Apr 262014
 

Bitcoin Diversity

The issue of diversity in the Bitcoin space again came to light today, after Kashmir Hill (a journalist I admire for her work related to Bitcoin and cryptocurrencies in general, although I disagree with her on many issues too) wrote a post in Forbes titled “New Bitcoin Movie Introduces You To The Many White Dudes Working On Bitcoin“, a post that critiques the new documentary ‘The Rise and Rise of Bitcoin’ for interviewing almost all white dudes alone and suggesting that the people involved in Bitcoin tend to the demographic of ‘white dudes’. Well, not surprisingly, the Bitcoin Twittersphere didn’t take to this too kindly:

 

 

 

Gender, race and ethnicity are complex issues, at least in the United States. The wrong question to ask is, “Why does the Bitcoin meetup I go to skew towards the white male demographic?” or even “Why do major Bitcoin companies seem to be run by white males?” because the question is loaded with too much existing prejudice and bias in society already. What do you expect when 1 in 3 black males can expect to go to prison? Of course it’s a terrible thing, but the problem isn’t Bitcoin, the problem is the society in which Bitcoin was born, more specifically, the social norms and existing institutions of the most dominant world economy at the time Bitcoin was born.
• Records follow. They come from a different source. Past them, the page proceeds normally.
lemma borel_arrow_if_small_ramsey_prop:
  assumes A: "A \<in> ObD" and B: "B \<in> ObD" and ramsey: "small_ramsey_prop ObD hom cmp A t"
  shows "borel_arrow hom cmp T S B A k t"
  unfolding borel_arrow_def
proof (intro allI impI)
  fix col
  assume "borel_coloring (T A S) k col"
  then have col_range: "col ` hom A S \<subseteq> {..<k}"
    using borel_coloring_iff[OF A] by blast
  obtain C where C: "C \<in> ObD" and C_ramsey: "\<forall>col'::'m \<Rightarrow> nat. col' ` hom A C \<subseteq> {..<k} \<longrightarrow>
      (\<exists>w\<in>hom B C. card (col' ` cmp w ` hom A B) \<le> t)"
    using ramsey B unfolding small_ramsey_prop_def by blast
  obtain u where u: "u \<in> hom C S"
    using hom_to_S_nonempty[OF C] by blast
  have "(\<lambda>g. col (cmp u g)) ` hom A C \<subseteq> {..<k}"
    using col_range comp_in_hom[OF _ u] by blast
  then obtain w where w: "w \<in> hom B C" and card_w: "card ((\<lambda>g. col (cmp u g)) ` cmp w ` hom A B) \<le> t"
    using C_ramsey by blast
  have "(\<lambda>g. col (cmp u g)) ` cmp w ` hom A B = col ` cmp u ` cmp w ` hom A B"
    by (simp add: image_image)
  also have "\<dots> = col ` cmp (cmp u w) ` hom A B"
    by (simp only: image_comp_comp[OF w u])
  finally have "(\<lambda>g. col (cmp u g)) ` cmp w ` hom A B = col ` cmp (cmp u w) ` hom A B" .
  then show "\<exists>w\<in>hom B S. card (col ` cmp w ` hom A B) \<le> t"
    using card_w comp_in_hom[OF w u] by auto
qed

lemma small_ramsey_prop_if_borel_arrows:
  assumes A: "A \<in> ObD"
    and arrows: "\<forall>k. \<forall>B\<in>ObD. hom A B \<noteq> {} \<longrightarrow> borel_arrow hom cmp T S B A k t"
  shows "small_ramsey_prop ObD hom cmp A t"
  unfolding small_ramsey_prop_def
proof (intro allI ballI)
  fix k B
  assume B: "B \<in> ObD"
  show "\<exists>C\<in>ObD. \<forall>col::'m \<Rightarrow> nat. col ` hom A C \<subseteq> {..<k} \<longrightarrow>
          (\<exists>w\<in>hom B C. card (col ` cmp w ` hom A B) \<le> t)"
  proof (cases "hom A B = {}")
    case True
    have "ide B \<in> hom B B"
      using B sub ide_in_hom by blast
    then show ?thesis
      using B True by (intro bexI[of _ B]) auto
  next
    case False
    then obtain n where "\<forall>col. col ` hom A (X n) \<subseteq> {..<k} \<longrightarrow>
        (\<exists>w\<in>hom B (X n). card (col ` cmp w ` hom A B) \<le> t)"
      using ramsey_at_some_stage[OF A B] arrows B by blast
    then show ?thesis
      using X_in_ObD by blast
  qed
qed

lemma borel_arrow_self_positive:
  assumes A: "A \<in> ObD" and arrow: "borel_arrow hom cmp T S A A 1 t"
  shows "0 < t"
proof -
  have "borel_coloring (T A S) 1 (\<lambda>_. 0)"
    unfolding borel_coloring_iff[OF A] by blast
  then obtain w where "card ((\<lambda>_. 0::nat) ` cmp w ` hom A A) \<le> t"
    using arrow unfolding borel_arrow_def by blast
  moreover have "hom A A \<noteq> {}"
    using ide_in_hom A sub by blast
  then have "(\<lambda>_. 0::nat) ` cmp w ` hom A A = {0}"
    by blast
  ultimately show ?thesis
    by simp
qed

lemma small_ramsey_degree_le_iff_borel_arrows:
  assumes A: "A \<in> ObD"
  shows "small_ramsey_degree ObD hom cmp A \<le> enat t \<longleftrightarrow>
           (\<forall>k. \<forall>B\<in>ObD. hom A B \<noteq> {} \<longrightarrow> borel_arrow hom cmp T S B A k t)"
proof
  assume "small_ramsey_degree ObD hom cmp A \<le> enat t"
  then have "small_ramsey_prop ObD hom cmp A t"
    unfolding small_ramsey_degree_le_enat_iff by blast
  then show "\<forall>k. \<forall>B\<in>ObD. hom A B \<noteq> {} \<longrightarrow> borel_arrow hom cmp T S B A k t"
    using borel_arrow_if_small_ramsey_prop[OF A] by blast
next
  assume arrows: "\<forall>k. \<forall>B\<in>ObD. hom A B \<noteq> {} \<longrightarrow> borel_arrow hom cmp T S B A k t"
  have "hom A A \<noteq> {}"
    using ide_in_hom A sub by blast
  then have "0 < t"
    using borel_arrow_self_positive[OF A] arrows A by blast
  with small_ramsey_prop_if_borel_arrows[OF A arrows]
  show "small_ramsey_degree ObD hom cmp A \<le> enat t"
    unfolding small_ramsey_degree_le_enat_iff by blast
qed

lemma borel_arrow_from_S:
  assumes A: "A \<in> ObD" and B: "B \<in> ObD" and arrow: "borel_arrow hom cmp T S S A k t"
  shows "borel_arrow hom cmp T S B A k t"
  unfolding borel_arrow_def
proof (intro allI impI)
  fix col
  assume col: "borel_coloring (T A S) k col"
  obtain b where b: "b \<in> hom B S"
    using hom_to_S_nonempty[OF B] by blast
  obtain w where w: "w \<in> hom S S" and card_w: "card (col ` cmp w ` hom A S) \<le> t"
    using arrow col unfolding borel_arrow_def by blast
  have "cmp b ` hom A B \<subseteq> hom A S"
    using comp_in_hom[OF _ b] by blast
  then have sub_w: "col ` cmp (cmp w b) ` hom A B \<subseteq> col ` cmp w ` hom A S"
    unfolding image_comp_comp[OF b w, symmetric] by (intro image_mono)
  have "cmp w ` hom A S \<subseteq> hom A S"
    using comp_in_hom[OF _ w] by blast
  then have "col ` cmp w ` hom A S \<subseteq> {..<k}"
    using col borel_coloring_iff[OF A] by blast
  then have "finite (col ` cmp w ` hom A S)"
    by (rule finite_subset) simp
  then have "card (col ` cmp (cmp w b) ` hom A B) \<le> t"
    using card_mono[OF _ sub_w] card_w by linarith
  then show "\<exists>w\<in>hom B S. card (col ` cmp w ` hom A B) \<le> t"
    using comp_in_hom[OF b w] by blast
qed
The real question to ask is, “Is there any prejudice against blacks or women or <insert your marginalized group here> that actively prevents them from contributing to Bitcoin?” I am not a social scientist but I am going to take a guess and answer “Less than almost any other sphere of society”. What, you think when “bitcoingeist” submits a pull request, s/he is asked for age, gender and ethnicity? The whole concept of pseudonymity means that there is less prejudice online in the Bitcoin sphere than in the ‘real’ world outside.
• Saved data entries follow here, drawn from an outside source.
lemma time_map_has_derivative_near_linear:
  fixes f :: "real \<Rightarrow> real^'n \<Rightarrow> real^'n" and \<phi> :: "real \<Rightarrow> real \<Rightarrow> real^'n \<Rightarrow> real^'n"
    and P :: "real \<Rightarrow> real^'n \<Rightarrow> (real^'n) \<Rightarrow>\<^sub>L (real^'n)"
    and x :: "real^'n" and t0 T r :: real
  defines "I \<equiv> {t0..t0+T}" and "C \<equiv> cball x (2 * r)"
  assumes "0 < T" "0 < r"
    and flow: "\<And>y t. y \<in> cball x r \<Longrightarrow> t \<in> I \<Longrightarrow>
      ((\<lambda>s. \<phi> s t0 y) has_vector_derivative f t (\<phi> t t0 y)) (at t within I)"
    and flow_start: "\<And>y. y \<in> cball x r \<Longrightarrow> \<phi> t0 t0 y = y"
    and f_bound: "\<And>t z. t \<in> I \<Longrightarrow> z \<in> C \<Longrightarrow> norm (f t z) \<le> M" and "M * T < r"
    and deriv: "\<And>t z. t \<in> I \<Longrightarrow> z \<in> C \<Longrightarrow> (f t has_derivative blinfun_apply (P t z)) (at z within C)"
    and P_bound: "\<And>t z. t \<in> I \<Longrightarrow> z \<in> C \<Longrightarrow> norm (P t z) \<le> L" and "0 \<le> L" "L * T \<le> 1/2"
    and linearization: "\<And>e. e > 0 \<Longrightarrow> \<exists>\<delta>>0. \<forall>t\<in>I. \<forall>z\<in>C. \<forall>w\<in>C. norm (z - w) < \<delta> \<longrightarrow>
      norm (f t z - f t w - P t w (z - w)) \<le> e * norm (z - w)"
    and P_cont: "continuous_on I (\<lambda>s. P s (\<phi> s t0 x))"
    and \<delta>: "\<And>s. s \<in> I \<Longrightarrow> norm (P s (\<phi> s t0 x) - P t0 x) \<le> \<delta>"
  shows "\<exists>Y. (time_map \<phi> t0 T has_derivative blinfun_apply Y) (at x) \<and>
           norm (Y - id_blinfun - T *\<^sub>R P t0 x) \<le> (2 * \<delta> + 2 * L\<^sup>2 * T) * T"
proof -
  have "x \<in> cball x r" "t0 \<le> t0 + T"
    using \<open>0 < r\<close> \<open>0 < T\<close> by auto
  have curve_in: "\<phi> t t0 y \<in> C" if "y \<in> cball x r" "t \<in> I" for y t
    unfolding C_def
    by (rule flow_stays_in_cball[where f = f and M = M])
      (use flow flow_start f_bound that \<open>0 < T\<close> \<open>0 < r\<close> \<open>M * T < r\<close> in \<open>auto simp: I_def C_def\<close>)
  obtain Y where Y_start: "Y t0 = id_blinfun"
    and Y_deriv: "\<And>t. t \<in> I \<Longrightarrow> (Y has_vector_derivative P t (\<phi> t t0 x) o\<^sub>L Y t) (at t within I)"
    unfolding I_def
  proof (rule linear_ode_solution[OF \<open>t0 \<le> t0 + T\<close> P_cont[unfolded I_def] _ \<open>0 \<le> L\<close>])
    show "norm (P s (\<phi> s t0 x)) \<le> L" if "s \<in> {t0..t0+T}" for s
      using curve_in[OF \<open>x \<in> cball x r\<close>] that P_bound by (simp add: I_def)
  qed (use \<open>L * T \<le> 1/2\<close> in auto)
  have flow_setting: "variational_flow f P (\<lambda>y s. \<phi> s t0 y) Y t0 (t0 + T) r L x C"
  proof
    show "L * (t0 + T - t0) \<le> 1/2"
      using \<open>L * T \<le> 1/2\<close> by simp
    show "norm (f t z - f t w) \<le> L * norm (z - w)" if "t \<in> {t0..t0 + T}" "z \<in> C" "w \<in> C" for t z w
      using deriv P_bound that
      by (intro differentiable_bound[of C]) (auto simp: I_def C_def norm_blinfun.rep_eq)
  qed (use \<open>t0 \<le> t0 + T\<close> \<open>0 < r\<close> \<open>0 \<le> L\<close> flow flow_start curve_in linearization P_bound Y_start Y_deriv
       in \<open>auto simp: I_def\<close>)
  have "time_map \<phi> t0 T = (\<lambda>y. \<phi> (t0 + T) t0 y)"
    by (simp add: time_map_def fun_eq_iff)
  moreover have "norm (Y (t0 + T) - id_blinfun - T *\<^sub>R P t0 x) \<le> (2 * \<delta> + 2 * L\<^sup>2 * T) * T"
    using variational_flow.Y_endpoint_estimate[OF flow_setting, of \<delta>] \<delta> flow_start[OF \<open>x \<in> cball x r\<close>]
    by (simp add: I_def)
  ultimately show ?thesis
    using variational_flow.has_derivative_endpoint[OF flow_setting] by auto
qed

lemma eventually_time_map_derivative_near_linear:
  fixes f :: "real \<Rightarrow> real^'n \<Rightarrow> real^'n" and \<phi> :: "real \<Rightarrow> real \<Rightarrow> real^'n \<Rightarrow> real^'n"
    and P :: "real \<Rightarrow> real^'n \<Rightarrow> (real^'n) \<Rightarrow>\<^sub>L (real^'n)"
    and x :: "real^'n" and t0 \<epsilon> r :: real
  defines "I \<equiv> {t0..t0+\<epsilon>}" and "C \<equiv> cball x (2 * r)"
  assumes "0 < \<epsilon>" "0 < r"
    and flow: "\<And>y t. y \<in> cball x r \<Longrightarrow> t \<in> I \<Longrightarrow>
      ((\<lambda>s. \<phi> s t0 y) has_vector_derivative f t (\<phi> t t0 y)) (at t within I)"
    and flow_start: "\<And>y. y \<in> cball x r \<Longrightarrow> \<phi> t0 t0 y = y"
    and f_bound: "\<And>t z. t \<in> I \<Longrightarrow> z \<in> C \<Longrightarrow> norm (f t z) \<le> M"
    and deriv: "\<And>t z. t \<in> I \<Longrightarrow> z \<in> C \<Longrightarrow> (f t has_derivative blinfun_apply (P t z)) (at z within C)"
    and P_bound: "\<And>t z. t \<in> I \<Longrightarrow> z \<in> C \<Longrightarrow> norm (P t z) \<le> L" and "0 \<le> L"
    and linearization: "\<And>e. e > 0 \<Longrightarrow> \<exists>\<delta>>0. \<forall>t\<in>I. \<forall>z\<in>C. \<forall>w\<in>C. norm (z - w) < \<delta> \<longrightarrow>
      norm (f t z - f t w - P t w (z - w)) \<le> e * norm (z - w)"
    and P_cont: "continuous_on I (\<lambda>s. P s (\<phi> s t0 x))"
    and "\<eta> > 0"
  shows "\<forall>\<^sub>F T in at_right 0. \<exists>Y. (time_map \<phi> t0 T has_derivative blinfun_apply Y) (at x) \<and>
           norm (Y - id_blinfun - T *\<^sub>R P t0 x) \<le> \<eta> * T"
proof -
  have "t0 \<in> I" "\<phi> t0 t0 x = x"
    using \<open>0 < \<epsilon>\<close> \<open>0 < r\<close> flow_start[of x] by (auto simp: I_def)
  then obtain d where "d > 0"
    and d: "\<And>s. s \<in> I \<Longrightarrow> dist s t0 < d \<Longrightarrow> dist (P s (\<phi> s t0 x)) (P t0 x) < \<eta> / 4"
    using P_cont \<open>\<eta> > 0\<close> unfolding continuous_on_iff by (metis zero_less_divide_iff zero_less_numeral)
  have small: "\<forall>\<^sub>F T in at_right 0. c * T < e" if "e > 0" for c e :: real
  proof -
    have "((\<lambda>T. c * T) \<longlongrightarrow> c * 0) (at_right (0::real))"
      by (intro tendsto_intros)
    then show ?thesis
      using that by (simp add: order_tendstoD(2))
  qed
  have "(1/2 :: real) > 0" "\<eta> / 4 > 0"
    using \<open>\<eta> > 0\<close> by simp_all
  show ?thesis
    using eventually_at_right_less[of 0] small[OF \<open>0 < \<epsilon>\<close>, of 1] small[OF \<open>d > 0\<close>, of 1]
      small[OF \<open>0 < r\<close>, of M] small[OF \<open>1/2 > 0\<close>, of L] small[OF \<open>\<eta> / 4 > 0\<close>, of "L\<^sup>2"]
  proof eventually_elim
    case (elim T)
    then have sub: "{t0..t0+T} \<subseteq> I"
      by (auto simp: I_def)
    have "\<exists>Y. (time_map \<phi> t0 T has_derivative blinfun_apply Y) (at x) \<and>
        norm (Y - id_blinfun - T *\<^sub>R P t0 x) \<le> (2 * (\<eta> / 4) + 2 * L\<^sup>2 * T) * T"
    proof (rule time_map_has_derivative_near_linear[where M = M and L = L])
      show "((\<lambda>s. \<phi> s t0 y) has_vector_derivative f t (\<phi> t t0 y)) (at t within {t0..t0+T})"
        if "y \<in> cball x r" "t \<in> {t0..t0+T}" for y t
        using flow that sub by (blast intro: has_vector_derivative_within_subset)
      show "continuous_on {t0..t0+T} (\<lambda>s. P s (\<phi> s t0 x))"
        using P_cont sub by (rule continuous_on_subset)
      show "norm (P s (\<phi> s t0 x) - P t0 x) \<le> \<eta> / 4" if "s \<in> {t0..t0+T}" for s
        using d[of s] that sub elim by (auto simp: dist_norm dist_real_def)
      show "\<exists>\<delta>>0. \<forall>t\<in>{t0..t0+T}. \<forall>z\<in>cball x (2 * r). \<forall>w\<in>cball x (2 * r). norm (z - w) < \<delta> \<longrightarrow>
          norm (f t z - f t w - P t w (z - w)) \<le> e * norm (z - w)" if "e > 0" for e
        using linearization[OF that] sub unfolding C_def by blast
    qed (use elim sub \<open>0 < r\<close> \<open>0 \<le> L\<close> flow_start f_bound deriv P_bound linearization in \<open>auto simp: C_def\<close>)
    moreover have "(2 * (\<eta> / 4) + 2 * L\<^sup>2 * T) * T \<le> \<eta> * T"
      using elim by (intro mult_right_mono) auto
    ultimately show ?case
      by (meson order_trans)
  qed
qed

lemma continuous_on_if_has_derivative_at:
  assumes "\<And>z. z \<in> D \<Longrightarrow> (g has_derivative g' z) (at z)"
  shows "continuous_on D g"
proof (rule has_derivative_continuous_on)
  fix z assume "z \<in> D"
  then show "(g has_derivative g' z) (at z within D)"
    by (rule has_derivative_at_withinI[OF assms])
qed

lemma compact_continuous_norm_bound:
  assumes "compact K" and "continuous_on K g"
  obtains B where "B > 0" "\<And>p. p \<in> K \<Longrightarrow> norm (g p) \<le> B"
  using compact_imp_bounded[OF compact_continuous_image[OF assms(2,1)]]
  unfolding bounded_pos by blast

lemma time_box_in_open:
  fixes x :: "'a::metric_space"
  assumes "open D" "(t0, x) \<in> D" "open U" "x \<in> U"
  obtains r where "r > 0" "cball x r \<subseteq> U" "{t0..t0 + r} \<times> cball x (2 * r) \<subseteq> D"
proof -
  obtain \<rho> where "\<rho> > 0" "cball (t0, x) \<rho> \<subseteq> D"
    using open_contains_cball assms(1,2) by blast
  obtain r0 where "r0 > 0" "ball x r0 \<subseteq> U"
    using open_contains_ball assms(3,4) by blast
  define r where "r = min (\<rho> / 4) (r0 / 2)"
  have "{t0..t0 + r} \<times> cball x (2 * r) \<subseteq> cball (t0, x) \<rho>"
  proof safe
    fix t z assume "t \<in> {t0..t0 + r}" "z \<in> cball x (2 * r)"
    then have "dist (t0, x) (t, z) \<le> dist t0 t + dist x z"
      using dist_Pair_Pair[of t0 x t z] sqrt_sum_squares_le_sum_abs[of "dist t0 t" "dist x z"] by simp
    also have "\<dots> \<le> \<rho>"
      using \<open>t \<in> {t0..t0 + r}\<close> \<open>z \<in> cball x (2 * r)\<close> by (auto simp: r_def dist_real_def)
    finally show "(t, z) \<in> cball (t0, x) \<rho>"
      by simp
  qed
  moreover have "r > 0" "cball x r \<subseteq> U"
    using \<open>\<rho> > 0\<close> \<open>r0 > 0\<close> \<open>ball x r0 \<subseteq> U\<close> by (auto simp: r_def)
  ultimately show thesis
    using that \<open>cball (t0, x) \<rho> \<subseteq> D\<close> by blast
qed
Also important to note is that it isn’t essential for Bitcoin to be represented 50-50 based on gender or follow the demographics of the US population race/ethnicity wise. For instance, there isn’t much outrage about the fact that over 90% of registered nurses in the United States are female. There are many cultural factors at play too. If you would dare to get their world-view challenged, here’s an excerpt from an incredible essay from The Last Psychiatrist about pay-equality between men and women (a hot subject in the US right now):

…The trick is most employable women are at best at the “sales rep” level, not the lawyer level, but because of the juxtaposition you never think: why the hell would a sales rep want to be a manager? “Oh, because it’s a lot more work.” Is it a lot more money? “Well, no, it’s a little more money.” So you want me to work a lot more now for the possibility of eventually getting a job that pays only a little more money? “Yes, stupid, it’s called a promotion.” It sounds like a scam. “No, it’s a stepping stone to Nominal Vice President In Charge of Situations And Scenarios.” Does that pay more? “What are you, a communist? 401k matches 50% of the first 6%.” In other words 3%, ok, am I on a prank show? “Free GPS tracker in your phone and laptop.” Thank you Yaz, my forties are going to be great.

(Read the original piece, it’s better to argue there and show how much you disagree with the author!)

The point of all this is, it’s easy to say there are not enough women/blacks/<insert choice of minority group here> in the Bitcoin ecosystem but the Bitcoin ecosystem doesn’t exist outside the social and cultural norms of its existence. The real question to ask is, therefore, what’s stopping these groups from participating in the Bitcoin economy and more often than not, it’s a result of the society we live in, not the fault of the Bitcoiners actively looking to keep the minorities out.